— Не обращай внимания. — Мелисса убрала ручку и размазала порошковую яичницу по тарелке, как это иногда любит делать Фредди, пока еда на тарелке — кусочки мяса, овощи — не превращается в некие странные символы.
Когда Энн была помладше, ей практически за один обед удалось обучить Фредди алфавиту. Тушеная морковь превратилась в буквы A и L; макаронины свернулись и стали С, Q и S. Малколм, разумеется, с отвращением смотрел, как девочки «играют с едой».
— Они все учатся по-разному, — сказала я ему, пока Фредди закрепляла новые знания.
— Она вполне может учиться и с помощью карандаша и бумаги. — Малколм убрал тарелку и вытащил блокнот. А Фредди тут же попросила разрешения встать из-за стола.
Именно такие вот мелочи и заставляли меня теперь удивляться, как я вообще ухитрилась увидеть в Малколме что-то особенное, почему позволила ему оторвать меня от Джо. Ведь Джо точно позволил бы Фредди практиковаться в написании букв даже на поверхности старинного буфета работы Хеплвита[42], если бы для нее так было лучше.
— Можно мне на минутку твою ручку? — спросила я у Мелиссы.
И тут она повела себя несколько странно. Вместо того чтобы протянуть мне ручку, которую держала в руках, она выудила из своей сумки точно такую же и вручила ее мне.

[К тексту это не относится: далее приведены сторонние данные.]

(* Let $E$ be a second countable Stone space with at least seven points, and let $\gamma$ be a non-peripheral cut of $E$. Then $\gamma$ is outermost if and only if for every pants decomposition $\Gamma$ of $E$ containing $\gamma$, the vertex $\gamma$ has valence at most two in the adjacency graph $A(\Gamma)$.
   Context: A Stone space is a compact, Hausdorff, totally disconnected space. A cut of $E$ is an unordered partition of $E$ into two disjoint clopen sets $U,V$, written $U\sqcup V$; it is non-peripheral if each of $U,V$ contains at least two points. A non-peripheral cut is outermost if one of its two sides contains exactly two points. Two cuts $U\sqcup V$, $U'\sqcup V'$ cross if all four sets $U\cap U'$, $U\cap V'$, $V\cap U'$, $V\cap V'$ are nonempty; otherwise they are compatible. A pants decomposition of $E$ is a countable collection $\Gamma$ of non-peripheral cuts such that: (1) any two cuts in $\Gamma$ are compatible; (2) every non-peripheral cut $\gamma\notin\Gamma$ crosses some cut of $\Gamma$; (3) every non-peripheral cut $\gamma\notin\Gamma$ crosses only finitely many cuts of $\Gamma$. Two cuts $\gamma_i,\gamma_j\in\Gamma$ are adjacent in $\Gamma$ if there is a non-peripheral cut crossing $\gamma_i$ and $\gamma_j$ and no other cut of $\Gamma$; the adjacency graph $A(\Gamma)$ has vertex set $\Gamma$ and edges between adjacent cuts. *)

theory Defs
  imports "HOL-Analysis.Analysis"
begin

definition totally_disconnected_space :: "'a topology \<Rightarrow> bool" where
  "totally_disconnected_space X \<longleftrightarrow>
     (\<forall>S. connectedin X S \<longrightarrow> (\<forall>x\<in>S. \<forall>y\<in>S. x = y))"

definition stone_space :: "'a topology \<Rightarrow> bool" where
  "stone_space X \<longleftrightarrow> compact_space X \<and> Hausdorff_space X \<and> totally_disconnected_space X"

definition clopenin :: "'a topology \<Rightarrow> 'a set \<Rightarrow> bool" where
  "clopenin X U \<longleftrightarrow> openin X U \<and> closedin X U"

definition is_cut :: "'a topology \<Rightarrow> 'a set set \<Rightarrow> bool" where
  "is_cut X c \<longleftrightarrow> (\<exists>U V. c = {U, V} \<and> clopenin X U \<and> clopenin X V \<and>
      U \<inter> V = {} \<and> U \<union> V = topspace X \<and> U \<noteq> {} \<and> V \<noteq> {})"

definition two_points :: "'a set \<Rightarrow> bool" where
  "two_points U \<longleftrightarrow> (\<exists>x y. x \<in> U \<and> y \<in> U \<and> x \<noteq> y)"

definition nonperipheral_cut :: "'a topology \<Rightarrow> 'a set set \<Rightarrow> bool" where
  "nonperipheral_cut X c \<longleftrightarrow> is_cut X c \<and> (\<forall>U\<in>c. two_points U)"

definition outermost_cut :: "'a topology \<Rightarrow> 'a set set \<Rightarrow> bool" where
  "outermost_cut X c \<longleftrightarrow> nonperipheral_cut X c \<and> (\<exists>U\<in>c. finite U \<and> card U = 2)"

definition crosses :: "'a set set \<Rightarrow> 'a set set \<Rightarrow> bool" where
  "crosses c d \<longleftrightarrow> (\<forall>U\<in>c. \<forall>U'\<in>d. U \<inter> U' \<noteq> {})"

definition compatible :: "'a set set \<Rightarrow> 'a set set \<Rightarrow> bool" where
  "compatible c d \<longleftrightarrow> \<not> crosses c d"

definition pants_decomposition :: "'a topology \<Rightarrow> 'a set set set \<Rightarrow> bool" where
  "pants_decomposition X \<Gamma> \<longleftrightarrow>
     countable \<Gamma> \<and> (\<forall>c\<in>\<Gamma>. nonperipheral_cut X c) \<and>
     (\<forall>c\<in>\<Gamma>. \<forall>d\<in>\<Gamma>. compatible c d) \<and>
     (\<forall>g. nonperipheral_cut X g \<and> g \<notin> \<Gamma> \<longrightarrow> (\<exists>c\<in>\<Gamma>. crosses g c)) \<and>
     (\<forall>g. nonperipheral_cut X g \<and> g \<notin> \<Gamma> \<longrightarrow> finite {c\<in>\<Gamma>. crosses g c})"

Руби Джо, заметив, что я нацарапала на бумажной салфетке два простых предложения, тут же настороженно спросила:
— Что это ты делаешь?
— Пишу записку Фредди.
И не успела я произнести эти слова, как рука Мелиссы буквально вцепилась в мое запястье, отчего я тут же забрызгала записку чернилами. Ее хватка оказалась весьма сильна, мне даже больно стало в том месте, где в кожу врезались мои часики. Она чуть ослабила свои «тиски», заметив, что я поморщилась, но писать мне больше не позволила, твердо заявив:
— Не надо.
— Да почему, черт побери, не надо?
Лисса огляделась и, явно удовлетворенная тем, что миссис Андервуд занята наблюдением за стадом своих юных овечек, шепнула:
— Потому что у нашей директрисы явно садистские наклонности.
— Ну, с этим я вполне могу справиться, — возразила я.
Лисса покачала головой.
— Нет, ты не поняла. По отношению к тебе она, вполне возможно, своих наклонностей и не проявит, но ты ведь здесь не одна. Присмотрись повнимательней.
Я проследила за ее взглядом. Вереница девочек направлялась со своими подносами к тому длинному столу, неподалеку от которого устроились мы. Руби Джо тоже стала смотреть на девочек.
— Видишь? Ты обратила внимание на правое запястье Фредди? — спросила Лисса.
Да, конечно. На тонком запястье моей дочери я сразу заметила огромный пурпурный синяк и припухлость, охватывавшую все запястье.
У меня похолодело в груди, перед глазами все затянуло красной пеленой.
Это была слепящая пелена ярости, пелена, вызванная таким гневом, какого я никогда раньше не испытывала, а потому не знала, как им управлять. Этот гнев был того же ярко-красного цвета, как открытая рана. Фредди — моя дочь! Моя дочь! Моя! И я ни за что на свете не допущу даже мысли о том, чтобы кто-то посмел применить к ней физическую силу — мало того, нанести ей увечье, изуродовать ее безупречное детское тело! Какая бы причина, с точки зрения других людей, для подобного действия ни возникла.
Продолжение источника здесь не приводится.